What’s the failure mode?	Graceful degradation	Catastrophic failure
Can a human do it in <5 minutes?	Yes, but it’s tedious	No, requires deep expertise
Is accuracy critical?	Good enough is fine	Must be 100% correct
What’s the response time requirement?	Seconds are fine	Needs to be instant
Do we have the data?	Yes, and it’s accessible	“We’ll figure it out”

Implementation Strategy

For teams evaluating their first LLM feature, I recommend starting with categorization. The reasoning is purely pragmatic: it has the clearest evaluation metrics, the most forgiving failure modes, and provides immediate value. You can validate the approach with a small dataset and scale incrementally.
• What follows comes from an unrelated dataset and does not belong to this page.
(* Fix an attacker label $A\in\mathcal{L}$. For all labels $pc$, all partial bijections $\beta$, all initial configurations $c_1,c_2$ and environments $\theta_1,\theta_2$ of $\lambda^{dFG}$ extended with flow-sensitive references such that $\vdash\mathbf{Valid}(c_1,\theta_1)$, $\vdash\mathbf{Valid}(c_2,\theta_2)$, $c_1\approx^{\beta}_A c_2$ and $\theta_1\approx^{\beta}_A\theta_2$: if $c_1\Downarrow^{\theta_1}_{pc}c_1'$ and $c_2\Downarrow^{\theta_2}_{pc}c_2'$, then there exists a partial bijection $\beta'\supseteq\beta$ such that $c_1'\approx^{\beta'}_A c_2'$.
   Context: Fix a lattice $(\mathcal{L},\sqsubseteq,\sqcup)$ of labels. The calculus has types $\tau::=\mathbf{unit}\mid\tau_1\to\tau_2\mid\tau_1+\tau_2\mid\tau_1\times\tau_2\mid\mathcal{L}\mid\mathbf{Ref}\,s\,\tau$ with $s\in\{I,S\}$ (standard simple typing; terms are implicitly well-typed and the tag $s$ determines which reference rules apply), expressions $e::=x\mid\lambda x.e\mid e_1\,e_2\mid()\mid\ell\mid(e_1,e_2)\mid\mathbf{fst}(e)\mid\mathbf{snd}(e)\mid\mathbf{inl}(e)\mid\mathbf{inr}(e)\mid\mathbf{case}(e,x.e_1,x.e_2)\mid\mathbf{getLabel}\mid\mathbf{labelOf}(e)\mid e_1\sqsubseteq^{?}e_2\mid\mathbf{taint}(e_1,e_2)\mid\mathbf{new}(e)\mid\,!e\mid e_1:=e_2\mid\mathbf{labelOfRef}(e)$, raw values $r::=()\mid(x.e,\theta)\mid\mathbf{inl}(v)\mid\mathbf{inr}(v)\mid(v_1,v_2)\mid\ell\mid n_\ell\mid n$ ($n\in\mathbb N$; $n_\ell$ is a flow-insensitive reference to memory $\ell$, $n$ a flow-sensitive heap address), values $v::=r^{\ell}$, environments $\theta$ finite maps from variables to values; $v\sqcup\ell'$ denotes $r^{\ell\sqcup\ell'}$ for $v=r^\ell$. Memories are finite lists of raw values, a store $\Sigma$ maps each label to a memory, a heap $\mu$ is a finite list of values; for a list $X$, $|X|$ is its length, $X[n]$ its $n$-th entry (from $0$), $X[n\mapsto y]$ the list with entry $n$ replaced (appended if $n=|X|$). Evaluation $\langle\Sigma,\mu,e\rangle\Downarrow^\theta_{pc}\langle\Sigma',\mu',v\rangle$ is the least relation closed under the rules below; "$e\Downarrow v$" means evaluation with current $\theta,pc$, store and heap threaded through premises left to right, rules without premises leave them unchanged. (Var) $x\Downarrow\theta(x)\sqcup pc$. (Unit) $()\Downarrow()^{pc}$. (Label) $\ell\Downarrow\ell^{pc}$. (Fun) $\lambda x.e\Downarrow(x.e,\theta)^{pc}$. (GetLabel) $\mathbf{getLabel}\Downarrow pc^{pc}$. (App) if $e_1\Downarrow(x.e,\theta')^{\ell}$, $e_2\Downarrow v_2$, and $e$ evaluates to $v$ in $\theta'[x\mapsto v_2]$ with program counter $pc\sqcup\ell$, then $e_1\,e_2\Downarrow v$. (Inl/Inr) $\mathbf{inl}(e)\Downarrow\mathbf{inl}(v)^{pc}$ if $e\Downarrow v$, similarly $\mathbf{inr}$. (Case) if $e\Downarrow\mathbf{inl}(v_1)^\ell$ and $e_1$ evaluates to $v$ in $\theta[x\mapsto v_1]$ at $pc\sqcup\ell$, then $\mathbf{case}(e,x.e_1,x.e_2)\Downarrow v$; symmetrically for $\mathbf{inr}$. (Pair) $(e_1,e_2)\Downarrow(v_1,v_2)^{pc}$. (Fst/Snd) if $e\Downarrow(v_1,v_2)^\ell$ then $\mathbf{fst}(e)\Downarrow v_1\sqcup\ell$, $\mathbf{snd}(e)\Downarrow v_2\sqcup\ell$. (LabelOf) if $e\Downarrow r^\ell$ then $\mathbf{labelOf}(e)\Downarrow\ell^\ell$. (Compare) if $e_1\Downarrow\ell_1^{\ell_1'}$, $e_2\Downarrow\ell_2^{\ell_2'}$ then $e_1\sqsubseteq^?e_2\Downarrow\mathbf{inl}(()^{pc})^{\ell_1'\sqcup\ell_2'}$ if $\ell_1\sqsubseteq\ell_2$, else $\mathbf{inr}(()^{pc})^{\ell_1'\sqcup\ell_2'}$. (Taint) if $e_1\Downarrow\ell^{\ell'}$, $\ell'\sqsubseteq\ell$, and $e_2$ evaluates to $v$ with program counter $\ell$, then $\mathbf{taint}(e_1,e_2)\Downarrow v$. Flow-insensitive references ($\mathbf{Ref}\,I$): (New) if $e\Downarrow r^\ell$ with store $\Sigma'$, $n=|\Sigma'(\ell)|$, then $\mathbf{new}(e)\Downarrow(n_\ell)^{pc}$ with store $\Sigma'[\ell\mapsto\Sigma'(\ell)[n\mapsto r]]$; (Read) if $e\Downarrow(n_\ell)^{\ell'}$ with store $\Sigma'$, $\Sigma'(\ell)[n]=r$, then $!e\Downarrow r^{\ell\sqcup\ell'}$; (Write) if $e_1\Downarrow(n_\ell)^{\ell_1}$, $\ell_1\sqsubseteq\ell$, $e_2\Downarrow r^{\ell_2}$ with store $\Sigma''$, $\ell_2\sqsubseteq\ell$, then $e_1:=e_2\Downarrow()^{pc}$ with store $\Sigma''[\ell\mapsto\Sigma''(\ell)[n\mapsto r]]$; (LabelOfRef) if $e\Downarrow(n_\ell)^{\ell'}$ then $\mathbf{labelOfRef}(e)\Downarrow\ell^{\ell\sqcup\ell'}$. Flow-sensitive references ($\mathbf{Ref}\,S$): (New-FS) if $e\Downarrow v$ with heap $\mu'$ and $n=|\mu'|$, then $\mathbf{new}(e)\Downarrow n^{pc}$ with heap $\mu'[n\mapsto v]$; (Read-FS) if $e\Downarrow n^{\ell}$ with heap $\mu'$ and $\mu'[n]=r^{\ell'}$, then $!e\Downarrow r^{\ell\sqcup\ell'}$; (LabelOfRef-FS) if $e\Downarrow n^{\ell_1}$ with heap $\mu'$ and $\mu'[n]=r^{\ell_2}$ then $\mathbf{labelOfRef}(e)\Downarrow\ell_2^{\ell_1\sqcup\ell_2}$; (Write-FS) if $e_1\Downarrow n^{\ell}$, $e_2\Downarrow r_2^{\ell_2}$ with heap $\mu''$, $\mu''[n]=r_1^{\ell_1}$ and $\ell\sqsubseteq\ell_1$, then $e_1:=e_2\Downarrow()^{pc}$ with heap $\mu''[n\mapsto r_2^{\ell_2\sqcup\ell}]$. Initial configurations are $\langle\Sigma,\mu,e\rangle$, final ones $\langle\Sigma,\mu,v\rangle$, and $c\Downarrow^\theta_{pc}c'$ is the evaluation relation. A partial bijection $\beta$ is a finite injective partial function $\mathbb N\rightharpoonup\mathbb N$; $\beta\subseteq\beta'$ means every pair of $\beta$ is in $\beta'$. $A$-equivalence up to $\beta$ ($\approx^\beta_A$), mutually on values and raw values: $r_1^\ell\approx^\beta_A r_2^\ell$ if $\ell\sqsubseteq A$ and $r_1\approx^\beta_A r_2$; $r_1^{\ell_1}\approx^\beta_A r_2^{\ell_2}$ if $\ell_1,\ell_2\not\sqsubseteq A$; $()\approx()$, $\ell\approx\ell$; closures $(x.e_1,\theta_1)\approx^\beta_A(x.e_2,\theta_2)$ if $e_1,e_2$ $\alpha$-equivalent and $\theta_1\approx^\beta_A\theta_2$ (same domain, pointwise); injections and pairs homomorphically; $n_\ell\approx^\beta_A n_\ell$ if $\ell\sqsubseteq A$; $(n_1)_{\ell_1}\approx^\beta_A(n_2)_{\ell_2}$ if $\ell_1,\ell_2\not\sqsubseteq A$; $n_1\approx^\beta_A n_2$ (heap addresses) iff $\beta(n_1)=n_2$. Memories at label $\ell$: always related if $\ell\not\sqsubseteq A$, otherwise same length and pointwise related; stores pointwise. Heaps: $\mu_1\approx^\beta_A\mu_2$ iff $\mathrm{dom}(\beta)\subseteq\{0,\dots,|\mu_1|-1\}$, $\mathrm{rng}(\beta)\subseteq\{0,\dots,|\mu_2|-1\}$ and $\mu_1[n_1]\approx^\beta_A\mu_2[n_2]$ whenever $\beta(n_1)=n_2$. Initial configurations $\langle\Sigma_1,\mu_1,e_1\rangle\approx^\beta_A\langle\Sigma_2,\mu_2,e_2\rangle$ iff $\Sigma_1\approx^\beta_A\Sigma_2$, $\mu_1\approx^\beta_A\mu_2$ and $e_1,e_2$ $\alpha$-equivalent; final configurations $\langle\Sigma_1,\mu_1,v_1\rangle\approx^\beta_A\langle\Sigma_2,\mu_2,v_2\rangle$ iff the stores, heaps and values are related up to $\beta$. Validity: $n\vdash\mathbf{Valid}(x)$ for a value, raw value, environment, memory, store or heap $x$ means every flow-sensitive heap address $n'$ occurring in $x$ (including inside closure environments and nested values) satisfies $n'<n$ (flow-insensitive references $n'_\ell$ are always valid). $\vdash\mathbf{Valid}(\langle\Sigma,\mu,e\rangle,\theta)$ iff, for $n=|\mu|$, $n\vdash\mathbf{Valid}(\Sigma)$, $n\vdash\mathbf{Valid}(\mu)$ and $n\vdash\mathbf{Valid}(\theta)$. *)

theory Defs
  imports Main
begin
The implementation complexity is also minimal—you’re essentially building a discriminator rather than a generator, which sidesteps many of the challenges around hallucination, output formatting, and content safety. Most importantly, when classification confidence is low, you can gracefully fall back to human review without breaking the user experience.

The Reality of Production AI

The gap between AI demos and production systems remains vast. The features that succeed in production share a common trait: they augment existing workflows rather than attempting to replace them entirely. They handle the tedious, error-prone tasks that humans perform inconsistently, freeing cognitive capacity for higher-value work.

This isn’t a limitation—it’s the current sweet spot for LLM applications. The technology excels at tasks that are simultaneously too complex for traditional automation but too mundane to justify human attention. Understanding this paradox is key to building AI features that actually ship.